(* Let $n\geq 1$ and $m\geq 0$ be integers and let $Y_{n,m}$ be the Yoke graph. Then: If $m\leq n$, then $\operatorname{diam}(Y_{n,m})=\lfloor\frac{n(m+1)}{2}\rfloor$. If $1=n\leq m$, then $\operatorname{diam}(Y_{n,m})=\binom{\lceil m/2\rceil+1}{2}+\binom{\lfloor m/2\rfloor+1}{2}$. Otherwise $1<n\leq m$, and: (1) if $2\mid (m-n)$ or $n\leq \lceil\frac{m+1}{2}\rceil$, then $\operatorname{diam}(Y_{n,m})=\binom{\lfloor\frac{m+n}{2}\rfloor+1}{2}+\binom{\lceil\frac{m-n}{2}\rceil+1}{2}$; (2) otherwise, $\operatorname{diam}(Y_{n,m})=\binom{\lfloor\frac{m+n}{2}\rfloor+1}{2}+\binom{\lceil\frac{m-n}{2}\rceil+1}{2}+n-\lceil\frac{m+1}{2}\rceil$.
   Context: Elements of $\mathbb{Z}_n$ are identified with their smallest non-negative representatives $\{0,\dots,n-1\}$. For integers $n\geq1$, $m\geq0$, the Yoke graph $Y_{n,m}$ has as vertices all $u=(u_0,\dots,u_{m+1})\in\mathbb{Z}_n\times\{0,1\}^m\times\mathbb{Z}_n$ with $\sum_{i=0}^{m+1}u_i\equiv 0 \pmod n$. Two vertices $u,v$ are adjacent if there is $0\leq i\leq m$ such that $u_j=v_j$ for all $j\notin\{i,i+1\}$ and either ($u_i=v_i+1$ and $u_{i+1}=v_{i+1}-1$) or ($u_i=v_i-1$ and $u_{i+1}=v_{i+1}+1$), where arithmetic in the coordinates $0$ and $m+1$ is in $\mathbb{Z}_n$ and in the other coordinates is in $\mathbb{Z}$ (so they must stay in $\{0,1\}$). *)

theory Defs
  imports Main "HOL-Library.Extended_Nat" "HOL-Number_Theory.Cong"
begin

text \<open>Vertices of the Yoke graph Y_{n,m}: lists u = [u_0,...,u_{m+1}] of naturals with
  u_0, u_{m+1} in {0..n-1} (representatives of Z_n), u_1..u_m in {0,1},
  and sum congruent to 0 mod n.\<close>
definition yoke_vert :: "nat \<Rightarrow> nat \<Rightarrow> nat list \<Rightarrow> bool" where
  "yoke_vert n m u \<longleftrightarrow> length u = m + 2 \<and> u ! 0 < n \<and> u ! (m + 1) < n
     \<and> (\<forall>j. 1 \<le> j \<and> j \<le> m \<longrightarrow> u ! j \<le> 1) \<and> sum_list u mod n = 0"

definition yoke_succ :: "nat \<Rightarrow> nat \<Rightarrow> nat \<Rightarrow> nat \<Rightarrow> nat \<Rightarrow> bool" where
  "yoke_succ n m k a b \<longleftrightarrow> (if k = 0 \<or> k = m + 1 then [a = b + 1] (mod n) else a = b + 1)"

---*---

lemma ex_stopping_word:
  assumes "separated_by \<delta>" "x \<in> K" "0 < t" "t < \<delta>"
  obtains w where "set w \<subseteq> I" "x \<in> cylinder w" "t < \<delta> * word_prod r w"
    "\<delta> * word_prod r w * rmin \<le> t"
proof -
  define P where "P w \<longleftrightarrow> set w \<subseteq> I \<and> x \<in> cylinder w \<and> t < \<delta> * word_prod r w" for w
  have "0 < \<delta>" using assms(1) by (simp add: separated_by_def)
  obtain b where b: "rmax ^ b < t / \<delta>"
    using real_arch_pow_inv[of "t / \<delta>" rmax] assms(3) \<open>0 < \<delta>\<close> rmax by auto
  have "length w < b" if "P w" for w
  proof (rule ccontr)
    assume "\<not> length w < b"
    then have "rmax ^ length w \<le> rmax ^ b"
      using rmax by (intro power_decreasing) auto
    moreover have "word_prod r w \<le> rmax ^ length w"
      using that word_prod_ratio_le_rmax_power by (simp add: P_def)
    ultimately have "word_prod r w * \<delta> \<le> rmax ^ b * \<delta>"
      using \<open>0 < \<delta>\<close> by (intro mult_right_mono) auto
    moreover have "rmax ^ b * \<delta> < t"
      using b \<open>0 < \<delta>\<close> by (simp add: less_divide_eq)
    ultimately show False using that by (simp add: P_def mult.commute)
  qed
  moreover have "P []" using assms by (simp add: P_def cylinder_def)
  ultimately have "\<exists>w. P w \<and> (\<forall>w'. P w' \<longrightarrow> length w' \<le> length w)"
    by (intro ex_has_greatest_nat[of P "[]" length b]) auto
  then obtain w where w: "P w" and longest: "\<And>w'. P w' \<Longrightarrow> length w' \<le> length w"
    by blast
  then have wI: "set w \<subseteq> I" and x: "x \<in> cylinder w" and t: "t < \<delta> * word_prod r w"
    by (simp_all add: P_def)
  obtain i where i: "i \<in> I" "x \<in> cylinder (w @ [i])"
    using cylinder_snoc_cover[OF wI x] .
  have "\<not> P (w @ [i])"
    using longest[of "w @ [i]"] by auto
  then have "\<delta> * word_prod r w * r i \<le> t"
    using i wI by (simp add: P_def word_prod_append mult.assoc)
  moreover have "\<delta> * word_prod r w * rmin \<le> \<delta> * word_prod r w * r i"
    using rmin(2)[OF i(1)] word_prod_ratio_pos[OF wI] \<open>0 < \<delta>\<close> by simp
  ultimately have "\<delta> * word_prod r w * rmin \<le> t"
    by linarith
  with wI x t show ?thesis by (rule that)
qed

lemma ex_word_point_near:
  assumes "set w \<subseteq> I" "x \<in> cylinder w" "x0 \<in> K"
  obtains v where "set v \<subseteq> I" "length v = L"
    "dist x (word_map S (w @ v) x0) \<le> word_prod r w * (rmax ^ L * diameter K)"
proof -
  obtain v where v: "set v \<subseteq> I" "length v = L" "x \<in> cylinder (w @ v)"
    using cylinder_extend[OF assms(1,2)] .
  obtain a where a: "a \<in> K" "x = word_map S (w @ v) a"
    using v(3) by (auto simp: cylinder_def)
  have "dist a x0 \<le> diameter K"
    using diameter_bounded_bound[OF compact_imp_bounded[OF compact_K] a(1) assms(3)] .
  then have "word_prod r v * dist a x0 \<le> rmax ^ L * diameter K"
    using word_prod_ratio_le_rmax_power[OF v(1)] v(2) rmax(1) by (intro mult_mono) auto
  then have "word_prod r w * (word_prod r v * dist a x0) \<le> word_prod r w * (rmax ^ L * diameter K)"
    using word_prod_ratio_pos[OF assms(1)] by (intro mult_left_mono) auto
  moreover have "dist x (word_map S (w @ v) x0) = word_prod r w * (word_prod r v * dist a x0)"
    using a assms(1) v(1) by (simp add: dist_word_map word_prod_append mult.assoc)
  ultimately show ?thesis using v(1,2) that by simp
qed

---*---

Description of the task:
Out of the listing above, reproduce exactly the lines from the one with "by (simp_all add: P_def)" up to and including the one with "using i wI by".

Task response:
    by (simp_all add: P_def)
  obtain i where i: "i \<in> I" "x \<in> cylinder (w @ [i])"
    using cylinder_snoc_cover[OF wI x] .
  have "\<not> P (w @ [i])"
    using longest[of "w @ [i]"] by auto
  then have "\<delta> * word_prod r w * r i \<le> t"
    using i wI by (simp add: P_def word_prod_append mult.assoc)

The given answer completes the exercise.